Exercise data below:

lemma bounded_capC:
  assumes "0 < \<omega>" "\<omega> \<le> pi/2"
  shows "bounded (capC \<omega> X)"
proof -
  define M where "M = \<bar>supp X 0\<bar> + \<bar>supp X (\<omega> + pi/2)\<bar> / sin \<omega>"
  have sin: "0 < sin \<omega>" and cos: "0 \<le> cos \<omega>"
    using assms by (auto intro!: sin_gt_zero cos_ge_zero)
  have "capC \<omega> X \<subseteq> {-M..M} \<times> {0..1}"
  proof
    fix p assume p: "p \<in> capC \<omega> X"
    then have y: "0 \<le> snd p" "snd p \<le> 1"
      by (auto simp: capC_def Pset_iff)
    have "p \<in> Qplus X 0" "p \<in> Qplus X \<omega>"
      using p assms(1) by (auto simp: capC_def)
    then have x_le: "fst p \<le> supp X 0"
      and "snd p * cos \<omega> - fst p * sin \<omega> \<le> supp X (\<omega> + pi/2)"
      by (auto simp: Qplus_def halfplane_def inner_uvec uvec_add_pi_half inner_vvec)
    moreover have "0 \<le> snd p * cos \<omega>"
      using y cos by simp
    ultimately have "- fst p \<le> \<bar>supp X (\<omega> + pi/2)\<bar> / sin \<omega>"
      using sin by (simp add: pos_le_divide_eq)
    moreover have "0 \<le> \<bar>supp X (\<omega> + pi/2)\<bar> / sin \<omega>"
      using sin by simp
    ultimately show "p \<in> {-M..M} \<times> {0..1}"
      using x_le y by (cases p) (auto simp: M_def)
  qed
  then show ?thesis
    by (rule bounded_subset[OF bounded_Times[OF bounded_closed_interval bounded_closed_interval]])
qed

lemma Qplus_diff_uvec:
  assumes "p \<in> Qplus X t" "0 \<le> c" "t \<le> s" "s \<le> t + pi/2"
  shows "p - c *\<^sub>R uvec s \<in> Qplus X t"
proof -
  have "0 \<le> cos (s - t)" "0 \<le> cos (s - (t + pi/2))"
    using assms(3,4) by (auto intro!: cos_ge_zero)
  then have "0 \<le> c * (uvec s \<bullet> uvec t)" "0 \<le> c * (uvec s \<bullet> uvec (t + pi/2))"
    using assms(2) by (simp_all add: inner_uvec_uvec)
  then show ?thesis
    using assms(1) by (auto simp: Qplus_def halfplane_def inner_diff_left)
qed

lemma capC_diff_uvec:
  assumes "p \<in> capC \<omega> X" "0 \<le> c" "\<omega> \<le> s" "s \<le> pi/2" "p - c *\<^sub>R uvec s \<in> Pset \<omega>"
  shows "p - c *\<^sub>R uvec s \<in> capC \<omega> X"
  using assms by (auto simp: capC_def intro!: Qplus_diff_uvec)

lemma supp_capC_pi_add:
  assumes "0 \<le> \<omega>" "\<omega> \<le> pi/2" "p \<in> capC \<omega> X" "snd p = 1"
  shows "supp (capC \<omega> X) (pi + \<omega>) = 0"
proof -
  define c where "c = p \<bullet> uvec \<omega>"
  define q where "q = p - c *\<^sub>R uvec \<omega>"
  have c: "0 \<le> c" "c \<le> 1"
    using assms(3) by (auto simp: capC_def Pset_iff c_def)
  have sin: "0 \<le> sin \<omega>" "sin \<omega> \<le> 1"
    using assms(1,2) by (auto intro!: sin_ge_zero)
  have q_u: "q \<bullet> uvec \<omega> = 0"
    using inner_uvec_uvec[of \<omega> \<omega>] by (simp add: q_def c_def inner_diff_left)
  have "snd q = 1 - c * sin \<omega>"
    by (simp add: q_def assms(4) uvec_def)
  moreover have "c * sin \<omega> \<le> 1"
    using c sin by (simp add: mult_le_one)
  ultimately have "q \<in> Pset \<omega>"
    using q_u c sin by (simp add: Pset_iff)
  then have "q \<in> capC \<omega> X"
    unfolding q_def using assms(2,3) c by (intro capC_diff_uvec) (auto simp: q_def)
  then show ?thesis
    using q_u by (intro supp_eqI[of q]) (auto simp: uvec_pi_add capC_def Pset_iff)
qed

lemma supp_capC_3pi_half:
  assumes "0 \<le> \<omega>" "\<omega> \<le> pi/2" "p \<in> capC \<omega> X" "p \<bullet> uvec \<omega> = 1"
  shows "supp (capC \<omega> X) (3*pi/2) = 0"
proof -
  define q where "q = p - snd p *\<^sub>R uvec (pi/2)"
  have y: "0 \<le> snd p" "snd p \<le> 1"
    using assms(3) by (auto simp: capC_def Pset_iff)
  have sin: "0 \<le> sin \<omega>" "sin \<omega> \<le> 1"
    using assms(1,2) by (auto intro!: sin_ge_zero)
  have q_y: "snd q = 0"
    by (simp add: q_def uvec_def)
  have "q \<bullet> uvec \<omega> = 1 - snd p * sin \<omega>"
    using assms(4) by (simp add: q_def inner_diff_left inner_uvec_uvec cos_diff)
  moreover have "snd p * sin \<omega> \<le> 1" "0 \<le> snd p * sin \<omega>"
    using y sin by (simp_all add: mult_le_one)
  ultimately have "q \<in> Pset \<omega>"
    using q_y by (simp add: Pset_iff)
  then have "q \<in> capC \<omega> X"
    unfolding q_def using assms(2,3) y by (intro capC_diff_uvec) (auto simp: q_def)
  then show ?thesis
    using q_y by (intro supp_eqI[of q]) (auto simp: uvec_3pi_half capC_def Pset_iff inner_prod_def)
qed

lemma is_cap_capC:
  assumes "0 < \<omega>" "\<omega> \<le> pi/2" "compact X" "X \<noteq> {}" "X \<subseteq> Pset \<omega>" "standard_position \<omega> X"
  shows "is_cap \<omega> (capC \<omega> X)"
proof -
  let ?K = "capC \<omega> X"
  have XK: "X \<subseteq> ?K"
    using subset_capC assms(3,5) .
  have "supp ?K t = supp X t" if "t \<in> Jset \<omega>" for t
    using supp_eq_if_between_capC[OF assms(3,4) XK order_refl that] .
  then have supp_K: "supp ?K \<omega> = 1" "supp ?K (pi/2) = 1"
    using assms(1,6) by (auto simp: Jset_def standard_position_def)
  obtain p0 where "p0 \<in> X" "p0 \<bullet> uvec (pi/2) = 1"
    using supp_attained[OF assms(3,4)] assms(6) by (metis standard_position_def)
  then have "supp ?K (pi + \<omega>) = 0"
    using XK assms(1,2) by (intro supp_capC_pi_add[of _ p0]) (auto simp: inner_uvec)
  moreover obtain p1 where "p1 \<in> X" "p1 \<bullet> uvec \<omega> = 1"
    using supp_attained[OF assms(3,4)] assms(6) by (metis standard_position_def)
  then have "supp ?K (3*pi/2) = 0"
    using XK assms(1,2) by (intro supp_capC_3pi_half[of _ p1]) auto
  moreover have "compact ?K"
    using assms(1,2) by (simp add: compact_eq_bounded_closed bounded_capC convex_closed_capC)
  ultimately show ?thesis
    unfolding is_cap_def using assms(1,4) XK supp_K convex_closed_capC capC_eq_Inter_halfplanes
    by (metis less_eq_real_def subset_empty)
qed

lemma moving_sofaE:
  assumes "moving_sofa \<omega> S"
  obtains \<theta> :: "real \<Rightarrow> real" and x :: "real \<Rightarrow> real \<times> real"
  where "compact S" "S \<noteq> {}" "continuous_on {0..1} \<theta>" "\<theta> 0 = 0" "\<theta> 1 = - \<omega>"
    "(\<lambda>p. p + x 0) ` S \<subseteq> hallway_H"
    "\<forall>s\<in>{0..1}. (\<lambda>p. rot (\<theta> s) p + x s) ` S \<subseteq> hallway"
    "(\<lambda>p. rot (- \<omega>) p + x 1) ` S \<subseteq> hallway_V"
proof -
  obtain \<theta> :: "real \<Rightarrow> real" and x :: "real \<Rightarrow> real \<times> real"
    where "compact S" "S \<noteq> {}" "continuous_on {0..1} \<theta>" "\<theta> 0 = 0" "\<theta> 1 = - \<omega>"
      "(\<lambda>p. p + x 0) ` S \<subseteq> hallway_H"
      "\<forall>s\<in>{0..1}. (\<lambda>p. rot (\<theta> s) p + x s) ` S \<subseteq> hallway"
      "(\<lambda>p. rot (\<theta> 1) p + x 1) ` S \<subseteq> hallway_V"
    using assms unfolding moving_sofa_def by blast
  then show thesis
    using that by simp
qed

lemma moving_sofa_subset_Pset:
  assumes "moving_sofa \<omega> S" "standard_position \<omega> S"
  shows "S \<subseteq> Pset \<omega>"
proof
  obtain x :: "real \<Rightarrow> real \<times> real" where S: "compact S" "S \<noteq> {}"
    and start: "(\<lambda>p. p + x 0) ` S \<subseteq> hallway_H"
    and final: "(\<lambda>p. rot (- \<omega>) p + x 1) ` S \<subseteq> hallway_V"
    using assms(1) by (rule moving_sofaE)
  obtain p0 where p0: "p0 \<in> S" "p0 \<bullet> uvec (pi/2) = 1"
    using supp_attained[OF S] assms(2) by (metis standard_position_def)
  obtain p1 where p1: "p1 \<in> S" "p1 \<bullet> uvec \<omega> = 1"
    using supp_attained[OF S] assms(2) by (metis standard_position_def)
  fix p assume p: "p \<in> S"
  have "p + x 0 \<in> hallway_H" "p0 + x 0 \<in> hallway_H"
    using start p p0(1) by auto
  then have "0 \<le> snd p"
    using p0(2) by (auto simp: hallway_H_def inner_uvec)
  moreover have "rot (- \<omega>) p + x 1 \<in> hallway_V" "rot (- \<omega>) p1 + x 1 \<in> hallway_V"
    using final p p1(1) by auto
  then have "0 \<le> p \<bullet> uvec \<omega>"
    using p1(2) by (auto simp: hallway_V_def rot_uminus)
  moreover have "snd p \<le> 1" "p \<bullet> uvec \<omega> \<le> 1"
    using supp_upper[OF S(1) p, of "pi/2"] supp_upper[OF S(1) p, of \<omega>] assms(2)
    by (simp_all add: standard_position_def inner_uvec)
  ultimately show "p \<in> Pset \<omega>"
    by (simp add: Pset_iff)
qed

lemma subset_LX_if_rot_translate_in_hallway:
  assumes "compact X" "X \<noteq> {}" "(\<lambda>p. rot (- t) p + x) ` X \<subseteq> hallway"
  shows "X \<subseteq> LX X t"
proof
  have moved: "(p \<bullet> uvec t + fst x, p \<bullet> vvec t + snd x) \<in> hallway" if "p \<in> X" for p
    using assms(3) that by (cases x) (auto simp: rot_uminus)
  obtain pa where pa: "pa \<in> X" "pa \<bullet> uvec t = supp X t"
    using supp_attained[OF assms(1,2)] .
  obtain pb where pb: "pb \<in> X" "pb \<bullet> uvec (t + pi/2) = supp X (t + pi/2)"
    using supp_attained[OF assms(1,2)] .
  have "supp X t + fst x \<le> 1" "supp X (t + pi/2) + snd x \<le> 1"
    using moved[OF pa(1)] moved[OF pb(1)] pa(2) pb(2) by (simp_all add: hallway_iff uvec_add_pi_half)
  moreover fix p assume p: "p \<in> X"
  moreover have "p \<bullet> uvec t \<le> supp X t" "p \<bullet> vvec t \<le> supp X (t + pi/2)"
    using supp_upper[OF assms(1) p, of t] supp_upper[OF assms(1) p, of "t + pi/2"]
    by (simp_all add: uvec_add_pi_half)
  ultimately show "p \<in> LX X t"
    using moved[OF p] unfolding LX_iff hallway_iff fst_conv snd_conv by linarith
qed

lemma moving_sofa_subset_LX:
  assumes "moving_sofa \<omega> S" "t \<in> {0..\<omega>}"
  shows "S \<subseteq> LX S t"
proof -
  obtain \<theta> :: "real \<Rightarrow> real" and x :: "real \<Rightarrow> real \<times> real"
    where S: "compact S" "S \<noteq> {}"
    and \<theta>: "continuous_on {0..1} \<theta>" "\<theta> 0 = 0" "\<theta> 1 = - \<omega>"
    and inside: "\<forall>s\<in>{0..1}. (\<lambda>p. rot (\<theta> s) p + x s) ` S \<subseteq> hallway"
    using assms(1) by (rule moving_sofaE)
  obtain s where s: "s \<in> {0..1}" "\<theta> s = - t"
    using IVT2'[of \<theta> 1 "- t" 0] \<theta> assms(2) by auto
  have "(\<lambda>p. rot (\<theta> s) p + x s) ` S \<subseteq> hallway"
    using inside s(1) by blast
  then have "(\<lambda>p. rot (- t) p + x s) ` S \<subseteq> hallway"
    unfolding s(2) .
  then show ?thesis
    using subset_LX_if_rot_translate_in_hallway S by blast
qed

lemma subset_monotonization:
  "moving_sofa \<omega> S \<Longrightarrow> standard_position \<omega> S \<Longrightarrow> S \<subseteq> monotonization \<omega> S"
  unfolding monotonization_def using moving_sofa_subset_Pset moving_sofa_subset_LX by blast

End of Exercise data.

Activity » Exactly how many lines of the records hold "final"? Give the number without any words.

Answer to the problem » 2